WORK REQUIRED
Retype exactly the lines that run from the start of the data to the line holding "C_def by simp", including both, and only those.

INPUT MATERIAL
::::::

text \<open>The compression of \<open>A\<close> to the span of \<open>u k, \<dots>, u (n - 1)\<close> has an eigenvector \<open>c\<close>; since
  \<open>A\<close> maps that span into itself, \<open>\<Sum>j. c j u (j + k)\<close> is an eigenvector of \<open>A\<close>.\<close>

lemma hermitian_eigenvector_orthogonal:
  assumes H: "hermitian n A" and u: "orthonormal n n u" and k: "k < n"
    and ev: "\<And>i. i < k \<Longrightarrow> A *\<^sub>v u i = lam i \<cdot>\<^sub>v u i"
  shows "\<exists>v \<mu>. v \<in> carrier_vec n \<and> v \<noteq> 0\<^sub>v n \<and> (\<forall>i<k. cinner n (u i) v = 0)
    \<and> A *\<^sub>v v = \<mu> \<cdot>\<^sub>v v"
proof -
  have A: "A \<in> carrier_mat n n" using H by (rule hermitian_carrier)
  define m where "m = n - k"
  define C where "C = mat m m (\<lambda>(i,j). cinner n (u (i + k)) (A *\<^sub>v u (j + k)))"
  have C: "C \<in> carrier_mat m m" unfolding C_def by simp
  obtain c \<mu> where c: "c \<in> carrier_vec m" "c \<noteq> 0\<^sub>v m" "C *\<^sub>v c = \<mu> \<cdot>\<^sub>v c"
    using complex_mat_eigenvector_exists[OF C] k unfolding m_def by auto
  define v where "v = vec n (\<lambda>a. \<Sum>j<m. c $ j * u (j + k) $ a)"
  have v: "v \<in> carrier_vec n" unfolding v_def by simp
  have uc: "\<And>j. j \<in> {..<m} \<Longrightarrow> u (j + k) \<in> carrier_vec n"
    using u unfolding m_def by (auto intro: orthonormal_carrier)
  note coord = cinner_orthonormal_shifted_lincomb[OF u, where k = k, folded m_def]
  have coord_eigen: "cinner n (u i) (A *\<^sub>v v) = cinner n (u i) (\<mu> \<cdot>\<^sub>v v)" if i: "i < n" for i
  proof (cases "i < k")
    case True
    have ui: "u i \<in> carrier_vec n" using u i by (rule orthonormal_carrier)
    have "cinner n (u i) (A *\<^sub>v v) = cnj (lam i) * cinner n (u i) v"
      using cinner_hermitian[OF H ui v] ev[OF True] ui by (simp add: cinner_smult_left)
    then show ?thesis using coord[OF i] True v unfolding v_def by (simp add: cinner_smult_right)
  next
    case False
    then have ik: "i - k < m" using i unfolding m_def by simp
    have "cinner n (u i) (A *\<^sub>v v) = (\<Sum>j<m. c $ j * cinner n (u i) (A *\<^sub>v u (j + k)))"
      using mult_mat_vec_lincomb[where J = "{..<m}" and y = "\<lambda>j. u (j + k)" and f = "\<lambda>j. c $ j", OF A uc]
      by (simp add: v_def cinner_lincomb_right)
    also have "\<dots> = (C *\<^sub>v c) $ (i - k)"
      using False ik index_mult_mat_vec_sum[OF C c(1) ik] unfolding C_def
      by (simp add: mult.commute)
    also have "\<dots> = cinner n (u i) (\<mu> \<cdot>\<^sub>v v)"
      using c(1,3) ik coord[OF i] False v unfolding v_def by (simp add: cinner_smult_right)
    finally show ?thesis .
  qed
  have "A *\<^sub>v v = \<mu> \<cdot>\<^sub>v v"
    by (rule orthonormal_basis_vec_eq[OF u _ _ coord_eigen]) (use A v in auto)
  moreover have "v \<noteq> 0\<^sub>v n"
  proof
    assume "v = 0\<^sub>v n"
    then have "c $ j = 0" if "j < m" for j
      using coord[of "j + k" c] that unfolding v_def m_def by (simp add: cinner_def)
    then show False using c(1,2) by (auto intro!: eq_vecI)
  qed
  moreover have "\<forall>i<k. cinner n (u i) v = 0" using coord k unfolding v_def by simp
  ultimately show ?thesis using v by blast
qed

lemma hermitian_eigenvalue_real:
  assumes "hermitian n A" "v \<in> carrier_vec n" "v \<noteq> 0\<^sub>v n" "A *\<^sub>v v = \<mu> \<cdot>\<^sub>v v"
  shows "\<mu> = of_real (Re \<mu>)"
proof -
  have "cinner n v (A *\<^sub>v v) = \<mu> * cinner n v v"
    using assms(2,4) by (simp add: cinner_smult_right)
  moreover have "Re (cinner n v v) \<noteq> 0"
    using cinner_self_nonpos_imp_zero[OF assms(2)] assms(3) by force
  ultimately have "Im \<mu> = 0"
    using Im_cinner_hermitian[OF assms(1,2)] Im_cinner_self[of n v] by simp
  then show ?thesis by (simp add: complex_eq_iff)
qed

theorem hermitian_spectral:
  assumes H: "hermitian n A"
  shows "\<exists>u l. orthonormal n n u \<and> (\<forall>i<n. A *\<^sub>v u i = of_real (l i) \<cdot>\<^sub>v u i)"
proof -
  have "\<exists>u l. orthonormal n n u \<and> (\<forall>i<k. A *\<^sub>v u i = of_real (l i) \<cdot>\<^sub>v u i)" if "k \<le> n" for k
    using that
  proof (induction k)
    case 0
    have "orthonormal n 0 u" for u unfolding orthonormal_def by simp
    then show ?case using orthonormal_extend_basis[of n 0] by blast
  next
    case (Suc k)
    then obtain u l where u: "orthonormal n n u" and ev: "\<forall>i<k. A *\<^sub>v u i = of_real (l i) \<cdot>\<^sub>v u i"
      by auto
    have k: "k < n" using Suc by simp
    obtain v \<mu> where v: "v \<in> carrier_vec n" "v \<noteq> 0\<^sub>v n" "\<forall>i<k. cinner n (u i) v = 0"
      and v_eigen: "A *\<^sub>v v = \<mu> \<cdot>\<^sub>v v"
      using hermitian_eigenvector_orthogonal[OF H u k, of "\<lambda>i. of_real (l i)"] ev by blast
    have "orthonormal n k u" using u k unfolding orthonormal_def by auto
    then obtain u' where u': "orthonormal n n u'" "\<forall>i<Suc k. u' i = (u(k := vec_normalize n v)) i"
      using orthonormal_extend_basis[OF orthonormal_extend[OF _ v(1,2)]] v(3) Suc by blast
    have "A *\<^sub>v vec_normalize n v = of_real (Re \<mu>) \<cdot>\<^sub>v vec_normalize n v"
      using mult_mat_vec_normalize[OF hermitian_carrier[OF H] v(1) v_eigen]
        hermitian_eigenvalue_real[OF H v(1,2) v_eigen] by simp
    then have "\<forall>i<Suc k. A *\<^sub>v u' i = of_real ((l(k := Re \<mu>)) i) \<cdot>\<^sub>v u' i"
      using u'(2) ev by (auto simp: less_Suc_eq)
    then show ?case using u'(1) by blast
  qed
  then show ?thesis by blast
qed

lemma cinner_spectral:
  assumes H: "hermitian n X" and u: "orthonormal n n u"
    and ev: "\<And>i. i < n \<Longrightarrow> X *\<^sub>v u i = of_real (l i) \<cdot>\<^sub>v u i" and v: "v \<in> carrier_vec n"
  shows "cinner n v (X *\<^sub>v v) = of_real (\<Sum>i<n. l i * (cmod (cinner n (u i) v))\<^sup>2)"
proof -
  have "cnj (cinner n (u i) v) * cinner n (u i) (X *\<^sub>v v) = of_real (l i * (cmod (cinner n (u i) v))\<^sup>2)"
    if i: "i < n" for i
  proof -
    have ui: "u i \<in> carrier_vec n" using u i by (rule orthonormal_carrier)
    have "cinner n (u i) (X *\<^sub>v v) = of_real (l i) * cinner n (u i) v"
      using cinner_hermitian[OF H ui v] ev[OF i] ui by (simp add: cinner_smult_left)
    then have "cnj (cinner n (u i) v) * cinner n (u i) (X *\<^sub>v v)
        = of_real (l i) * (cinner n (u i) v * cnj (cinner n (u i) v))"
      by (simp add: algebra_simps)
    then show ?thesis by (simp only: complex_norm_square[symmetric] of_real_mult)
  qed
  then show ?thesis by (simp add: cinner_orthonormal_basis[OF u v])
qed

lemma eigenvalue_eq_cinner:
  assumes "orthonormal n n u" "i < n" "X *\<^sub>v u i = of_real l \<cdot>\<^sub>v u i"
  shows "l = Re (cinner n (u i) (X *\<^sub>v u i))"
  using assms orthonormal_cinner[OF assms(1,2,2)] orthonormal_carrier[OF assms(1,2)]
  by (simp add: cinner_smult_right)

section \<open>The positive square root\<close>

definition spectral_mat :: "nat \<Rightarrow> (nat \<Rightarrow> complex vec) \<Rightarrow> (nat \<Rightarrow> real) \<Rightarrow> complex mat" where
  "spectral_mat n u r = mat n n (\<lambda>(a,b). \<Sum>i<n. of_real (r i) * (u i $ a * cnj (u i $ b)))"

lemma hermitian_spectral_mat: "hermitian n (spectral_mat n u r)"
  unfolding hermitian_def spectral_mat_def by (simp add: mult.commute)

::::::

SOLUTION TO THIS PROBLEM
text \<open>The compression of \<open>A\<close> to the span of \<open>u k, \<dots>, u (n - 1)\<close> has an eigenvector \<open>c\<close>; since
  \<open>A\<close> maps that span into itself, \<open>\<Sum>j. c j u (j + k)\<close> is an eigenvector of \<open>A\<close>.\<close>

lemma hermitian_eigenvector_orthogonal:
  assumes H: "hermitian n A" and u: "orthonormal n n u" and k: "k < n"
    and ev: "\<And>i. i < k \<Longrightarrow> A *\<^sub>v u i = lam i \<cdot>\<^sub>v u i"
  shows "\<exists>v \<mu>. v \<in> carrier_vec n \<and> v \<noteq> 0\<^sub>v n \<and> (\<forall>i<k. cinner n (u i) v = 0)
    \<and> A *\<^sub>v v = \<mu> \<cdot>\<^sub>v v"
proof -
  have A: "A \<in> carrier_mat n n" using H by (rule hermitian_carrier)
  define m where "m = n - k"
  define C where "C = mat m m (\<lambda>(i,j). cinner n (u (i + k)) (A *\<^sub>v u (j + k)))"
  have C: "C \<in> carrier_mat m m" unfolding C_def by simp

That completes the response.